Василий еще раз окинул взглядом полотно. Потом немного припустил веки, и взгляд его словно ушел дальше – далеко за картину и, даже за стены дома Юшкова. Василий прислушался к своим ощущениям. Точнее – к эмоциям, исходящим из картины. Ненависть – да. Крайний до ужаса страх – да. Пропасть в глазах Иоанна – точно. Но не смерть. Нет смерти в картине. Ни до, не после. И сколько не лей крови на персидские ковры – не чувствуется ее присутствия. Василий прикрыл глаза. Ему показалось, что из картины проступают еще какие-то мучительно тягостные лица. Не лица главных героев. Нет, фигуры и цветовые пятна на картине рассеялись под опущенными ресницами и сложились в какую-то совершенно сатанинскую личину.
Суриков отвернулся и встряхнул головой, чтобы сбросить наваждение. По телу пробежала дрожь. Не это ли скрытое от обывательского взора скрытое изображение в холсте и пугает так зрителей? Или… На мгновение вместо всей картины вновь представилось наполненные смертью глазницы, а за ними выплыли заостренные смертью черты лица.
Да… – настоящая, а не театральная смерть на картине все-таки есть.

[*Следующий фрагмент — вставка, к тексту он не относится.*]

lemma (in nonunital_algebra) alternating_sum_substitutions:
  assumes fin: "finite {w. p w \<noteq> 0}" and short: "\<And>w. p w \<noteq> 0 \<Longrightarrow> length w \<le> d"
  shows "(\<Sum>S\<in>Pow {0..<d}. scale ((-1) ^ card S) (eval_poly scale (\<lambda>x. \<Sum>q | q \<in> S \<and> m ! q = x. a q) p))
       = scale ((-1) ^ d) (\<Sum>\<phi>\<in>permutations_of_set {0..<d}. scale (p (map ((!) m) \<phi>)) (eval_word a \<phi>))"
proof -
  let ?U = "{0..<d}" and ?W = "{w. p w \<noteq> 0}" and ?P = "permutations_of_set {0..<d}"
    and ?E = "eval_word a"
  have "(\<Sum>S\<in>Pow ?U. scale ((-1) ^ card S) (eval_poly scale (\<lambda>x. \<Sum>q | q \<in> S \<and> m ! q = x. a q) p))
      = (\<Sum>S\<in>Pow ?U. scale ((-1) ^ card S) (\<Sum>w\<in>?W. scale (p w) (\<Sum>\<phi>\<in>index_lists m S w. ?E \<phi>)))"
  proof (intro sum.cong refl)
    fix S assume "S \<in> Pow ?U"
    then have "finite S" by (auto intro: finite_subset)
    then show "scale ((-1) ^ card S) (eval_poly scale (\<lambda>x. \<Sum>q | q \<in> S \<and> m ! q = x. a q) p)
        = scale ((-1) ^ card S) (\<Sum>w\<in>?W. scale (p w) (\<Sum>\<phi>\<in>index_lists m S w. ?E \<phi>))"
      by (simp add: eval_poly_def eval_word_sum_subst)
  qed
  also have "\<dots> = (\<Sum>w\<in>?W. scale (p w) (\<Sum>S\<in>Pow ?U. scale ((-1) ^ card S) (\<Sum>\<phi>\<in>index_lists m S w. ?E \<phi>)))"
    by (simp add: scale_sum_right scale_left_commute mult.commute sum.swap[of _ ?W])
  also have "\<dots> = (\<Sum>w\<in>?W. scale (p w) (scale ((-1) ^ d) (\<Sum>\<phi> | \<phi> \<in> ?P \<and> map ((!) m) \<phi> = w. ?E \<phi>)))"
    by (intro sum.cong refl) (simp add: inclusion_exclusion_index_lists index_lists_onto short)
  also have "\<dots> = scale ((-1) ^ d) (\<Sum>w\<in>?W. \<Sum>\<phi> | \<phi> \<in> ?P \<and> map ((!) m) \<phi> = w. scale (p (map ((!) m) \<phi>)) (?E \<phi>))"
    by (simp add: scale_sum_right scale_left_commute mult.commute)
  also have "\<dots> = scale ((-1) ^ d) (\<Sum>\<phi> | \<phi> \<in> ?P \<and> map ((!) m) \<phi> \<in> ?W. scale (p (map ((!) m) \<phi>)) (?E \<phi>))"
    by (subst sum_fibres) (simp_all add: fin)
  also have "\<dots> = scale ((-1) ^ d) (\<Sum>\<phi>\<in>?P. scale (p (map ((!) m) \<phi>)) (?E \<phi>))"
    by (rule arg_cong[where f = "scale _"], rule sum.mono_neutral_left) auto
  finally show ?thesis .
qed

definition multilinear_identity :: "('f::field \<Rightarrow> 'a::ring \<Rightarrow> 'a) \<Rightarrow> nat \<Rightarrow> (nat list \<Rightarrow> 'f) \<Rightarrow> bool" where
  "multilinear_identity scale d \<beta> \<longleftrightarrow> 0 < d \<and> \<beta> [0..<d] \<noteq> 0 \<and>
     (\<forall>a. (\<Sum>\<phi>\<in>permutations_of_set {0..<d}. scale (\<beta> \<phi>) (eval_word a \<phi>)) = 0)"

text \<open>Multilinearisation: m is a longest word of p, and the alternating sum of the substitutions
  replacing the letter x by the sum of those a q, q \<in> S, for which m ! q = x kills every word of p
  except the rearrangements of m.\<close>

lemma (in nonunital_algebra) multilinear_identity_exists:
  assumes p: "free_poly p" "p \<noteq> (\<lambda>_. 0)" and p_id: "\<forall>s. eval_poly scale s p = 0"
  shows "\<exists>d \<beta>. multilinear_identity scale d \<beta>"
proof -
  define W where "W = {w. p w \<noteq> 0}"
  have finW: "finite W" and "p [] = 0" and "W \<noteq> {}"
    using p by (auto simp: free_poly_def W_def fun_eq_iff)
  define d where "d = Max (length ` W)"
  have "d \<in> length ` W"
    unfolding d_def using finW \<open>W \<noteq> {}\<close> by (intro Max_in) auto
  then obtain m where mW: "m \<in> W" and md: "length m = d" by auto
  have short: "length w \<le> d" if "p w \<noteq> 0" for w
    using that finW unfolding d_def W_def by auto
  have "0 < d" using mW md \<open>p [] = 0\<close> by (cases m) (auto simp: W_def)
  define \<beta> where "\<beta> \<phi> = p (map ((!) m) \<phi>)" for \<phi>
  have "\<beta> [0..<d] \<noteq> 0"
    using mW md map_nth[of m] by (simp add: \<beta>_def W_def)
  moreover have "(\<Sum>\<phi>\<in>permutations_of_set {0..<d}. scale (\<beta> \<phi>) (eval_word a \<phi>)) = 0" for a
    using alternating_sum_substitutions[OF finW[unfolded W_def] short, where m = m and a = a] p_id
    by (simp add: \<beta>_def scale_eq_0_iff)
  ultimately show ?thesis
    using \<open>0 < d\<close> unfolding multilinear_identity_def by blast
qed

text \<open>The cut list c splits u into the prefix take (c ! 0) u and the blocks u[c ! j ..< c ! Suc j];
  permute_blocks keeps the prefix and concatenates the blocks in the order \<phi>.\<close>

definition block :: "'v list \<Rightarrow> nat list \<Rightarrow> nat \<Rightarrow> 'v list" where
  "block u c j = drop (c ! j) (take (c ! Suc j) u)"

definition permute_blocks :: "'v list \<Rightarrow> nat list \<Rightarrow> nat list \<Rightarrow> 'v list" where
  "permute_blocks u c \<phi> = take (c ! 0) u @ concat (map (block u c) \<phi>)"

lemma take_concat_blocks:
  assumes "sorted_wrt (<) c" "k < length c"
  shows "take (c ! 0) u @ concat (map (block u c) [0..<k]) = take (c ! k) u"
  using assms(2)
proof (induction k)
  case (Suc k)
  have "c ! k \<le> c ! Suc k"
    using sorted_wrt_nth_less[OF assms(1), of k "Suc k"] Suc.prems by simp
  then have "take (c ! k) u @ block u c k = take (c ! Suc k) u"
    unfolding block_def by (metis append_take_drop_id min.absorb1 take_take)
  moreover have "take (c ! 0) u @ concat (map (block u c) [0..<k]) = take (c ! k) u"
    using Suc by simp
  ultimately show ?case by (simp flip: append_assoc)
qed simp

lemma permute_blocks_id:
  assumes "sorted_wrt (<) c" "length c = Suc d" "c ! d = length u"
  shows "permute_blocks u c [0..<d] = u"
  using take_concat_blocks[OF assms(1), of d u] assms(2,3) by (simp add: permute_blocks_def)

lemma mset_permute_blocks:
  assumes "\<phi> \<in> permutations_of_set {0..<d}"
  shows "mset (permute_blocks u c \<phi>) = mset (permute_blocks u c [0..<d])"
proof -
  have "mset \<phi> = mset [0..<d]"
    using assms set_eq_iff_mset_eq_distinct[of \<phi> "[0..<d]"] by (simp add: permutations_of_set_def)
  moreover have "mset (concat (map (block u c) \<psi>)) = sum_mset (image_mset (mset \<circ> block u c) (mset \<psi>))"
    for \<psi> by (induction \<psi>) auto
  ultimately show ?thesis by (simp add: permute_blocks_def)
qed

lemma block_cut_Cons:
  assumes "sorted_wrt (<) I" "\<forall>i\<in>set I. i < length u" "j < length I"
  obtains t where "block u (I @ [length u]) j = u ! (I ! j) # t"
proof -
  define c where "c = I @ [length u]"
  have "c ! j < c ! Suc j"
    using assms by (simp add: c_def sorted_wrt_append nth_append sorted_wrt_nth_less)
  moreover have "c ! Suc j \<le> length u"
  proof (cases "Suc j = length I")
    case False
    then have "Suc j < length I" using assms(3) by simp
    then have "I ! Suc j < length u" using assms(2) nth_mem by blast
    then show ?thesis using \<open>Suc j < length I\<close> by (simp add: c_def nth_append)
  qed (simp add: c_def)
  ultimately have "block u c j = u ! (c ! j) # drop (Suc (c ! j)) (take (c ! Suc j) u)"
    by (simp add: block_def Cons_nth_drop_Suc[symmetric])
  then show ?thesis using that assms(3) by (simp add: c_def nth_append)
qed

lemma permutation_first_moved:
  assumes "\<phi> \<in> permutations_of_set {0..<d}" "\<phi> \<noteq> [0..<d]"
  obtains k j \<psi> where "\<phi> = [0..<k] @ j # \<psi>" "k < j" "j < d"
proof -
  have len: "length \<phi> = d"
    using length_finite_permutations_of_set[OF assms(1)] by simp
  have dist: "distinct \<phi>" and set: "set \<phi> = {0..<d}"
    using assms(1) by (auto simp: permutations_of_set_def)
  have "\<exists>k<d. \<phi> ! k \<noteq> k"
  proof (rule ccontr)
    assume "\<not> (\<exists>k<d. \<phi> ! k \<noteq> k)"
    then have "\<phi> = [0..<d]" using len by (intro nth_equalityI) auto
    then show False using assms(2) by simp
  qed
  then obtain k where k: "k < d" "\<phi> ! k \<noteq> k" and below: "\<And>i. i < k \<Longrightarrow> \<phi> ! i = i"
    using exists_least_iff[of "\<lambda>k. k < d \<and> \<phi> ! k \<noteq> k"] by (metis order.strict_trans)
  have prefix: "take k \<phi> = [0..<k]"
    using k len below by (intro nth_equalityI) auto
  have "k \<le> \<phi> ! k"
  proof (rule ccontr)
    assume "\<not> k \<le> \<phi> ! k"
    then have "\<phi> ! (\<phi> ! k) = \<phi> ! k" using below by simp
    then show False using dist k len \<open>\<not> k \<le> \<phi> ! k\<close> by (simp add: nth_eq_iff_index_eq)
  qed
  moreover have "\<phi> ! k < d" using set k len nth_mem[of k \<phi>] by auto
  moreover have "\<phi> = [0..<k] @ \<phi> ! k # drop (Suc k) \<phi>"
    using id_take_nth_drop[of k \<phi>] k len prefix by simp
  ultimately show ?thesis using that k(2) by (simp add: le_neq_implies_less)
qed

text \<open>Cutting u at the positions I of a subsequence that increases under f, every nontrivial
  permutation of the blocks makes the word larger lexicographically: the first moved block starts
  with a larger letter than the block it replaces.\<close>

lemma lexord_permute_blocks:
  assumes I: "sorted_wrt (<) I" "\<forall>i\<in>set I. i < length u" "sorted_wrt (<) (map (\<lambda>i. f (u ! i)) I)"
    and \<phi>: "\<phi> \<in> permutations_of_set {0..<length I}" "\<phi> \<noteq> [0..<length I]"
  shows "(map f u, map f (permute_blocks u (I @ [length u]) \<phi>)) \<in> lexord less_than"
proof -
  define d where "d = length I"
  define c where "c = I @ [length u]"
  have c: "sorted_wrt (<) c" "length c = Suc d" "c ! d = length u"
    using I by (auto simp: c_def d_def sorted_wrt_append nth_append)
  obtain k j \<psi> where \<phi>_eq: "\<phi> = [0..<k] @ j # \<psi>" and kj: "k < j" "j < d"
    using permutation_first_moved \<phi> unfolding d_def by blast
  obtain tk tj where tk: "block u c k = u ! (I ! k) # tk" and tj: "block u c j = u ! (I ! j) # tj"
    using block_cut_Cons[OF I(1,2)] kj unfolding c_def d_def by (metis order.strict_trans)
  define X where "X = take (c ! 0) u @ concat (map (block u c) [0..<k])"
  have "[0..<d] = [0..<k] @ k # [Suc k..<d]"
    using kj upt_add_eq_append[of 0 k "d - k"] upt_conv_Cons[of k d] by simp
  then have u_eq: "u = X @ u ! (I ! k) # tk @ concat (map (block u c) [Suc k..<d])"
    using permute_blocks_id[OF c] tk by (simp add: permute_blocks_def X_def)
  have \<phi>_word: "permute_blocks u c \<phi> = X @ u ! (I ! j) # tj @ concat (map (block u c) \<psi>)"
    using tj by (simp add: permute_blocks_def X_def \<phi>_eq)
  have "f (u ! (I ! k)) < f (u ! (I ! j))"
    using sorted_wrt_nth_less[OF I(3), of k j] kj by (simp add: d_def)
  then show ?thesis
    by (subst u_eq, subst \<phi>_word[unfolded c_def]) (simp add: lexord_same_pref_iff)
qed

lemma eval_word_permute_blocks:
  assumes "\<And>j. j \<in> set \<phi> \<Longrightarrow> block u c j \<noteq> []" "\<phi> \<noteq> []"
  shows "eval_word s (permute_blocks u c \<phi>) =
    (if take (c ! 0) u = [] then eval_word (\<lambda>j. eval_word s (block u c j)) \<phi>
     else eval_word s (take (c ! 0) u) * eval_word (\<lambda>j. eval_word s (block u c j)) \<phi>)"
proof -
  have blocks: "concat (map (block u c) \<phi>) \<noteq> []"
    using assms by (cases \<phi>) auto
  have concat: "eval_word s (concat (map (block u c) \<phi>)) = eval_word (\<lambda>j. eval_word s (block u c j)) \<phi>"
    using eval_word_concat[of \<phi> "block u c", OF assms(1)] .
  show ?thesis
  proof (cases "take (c ! 0) u = []")
    case True
    then show ?thesis unfolding permute_blocks_def True using concat by simp
  next
    case False
    then show ?thesis unfolding permute_blocks_def
      using eval_word_append[OF False blocks, of s] concat by simp
  qed
qed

Она прячется за цветными пятнами и фигурами царя со своим смертельно раненым сыном. Вся картина и образует одно страшное лицо человека, лежащего на смертном одре. И лик этот так похож на Ивана Грозного. Вот, что на самом деле пугает зрителя. Вот, что заставило рабочих выставки застыть на месте, как только они распаковали картину. И… этот образ страшный образ смерти затягивает зрителя внутрь картины. Только совсем не по-доброму.
Василий снова встряхнул головой. Вместо адовой мрачности мертвенного лика на место вернулась лубочная картинка Репина к народной легенде об Иване Грозном из «Всемирной иллюстрации».
Нет, решительно смерти не место на полотне! Не страхом смерти должен художник брать зрителя. Высотой чувства. Звучанием духа – но не смертью. Это почти тоже, что натурщиц неглиже писать – на такие холсты всегда свой покупатель есть. А Илью Ефимовича понятно, что на тему толкнуло. Решил он свою революционную тему продолжить. Кровью. Да… Любопытный этот год для Иоанна Грозного: Репин его зверем выставил, а поляк Ростворовский на академической выставке его же представил собирателем земель русских в своей картине на золотую медаль о послах Ермака .
Нездоровому Гаршину, с которого Репин царевича убиенного писал, говорят, картина очень понравилась. Он радовался, видя, как Репин враз лишил царственную особу священного фимиама. Зверь, говорил, на картине вышел, из седла выбитый, с которого соскочил царь, владыка. Да и влияние Льва Николаевича тут тоже чувствуется.
Нет, правильно, что Илью Ефимовича не послушал: нельзя было в «Стрельцах» смерть показывать. Совершенно бы исчезло высокое звучание. Растворилось бы как сон при пробуждении. Опростило бы все до опошления – и картина репинская нынешняя тому отличный пример. Все была мысль, чтобы зрителя не потревожить. Чтобы спокойствие во всем было. Все боялся, не пробужу ли в зрителе неприятного чувства. В «Стрельцах» крови нет, и казнь еще не начиналась. Торжественность последних минут мне хотелось в передать, а совсем не казнь. Кровь и казни лучше за холстом оставить. Фантазия человеческая лучше любого живописца их намалюет. Так представит, что сравнение заставит душу трепетать. А лужа крови – сколько не смотри, трепета не вызывает. Да и Гаршин этот несчастный, хоть и талантливый, только ссыльным в прошлом году у Репина в «Не ждали» предстал, и тут на тебе – он же убиенным царевичем. Нельзя так.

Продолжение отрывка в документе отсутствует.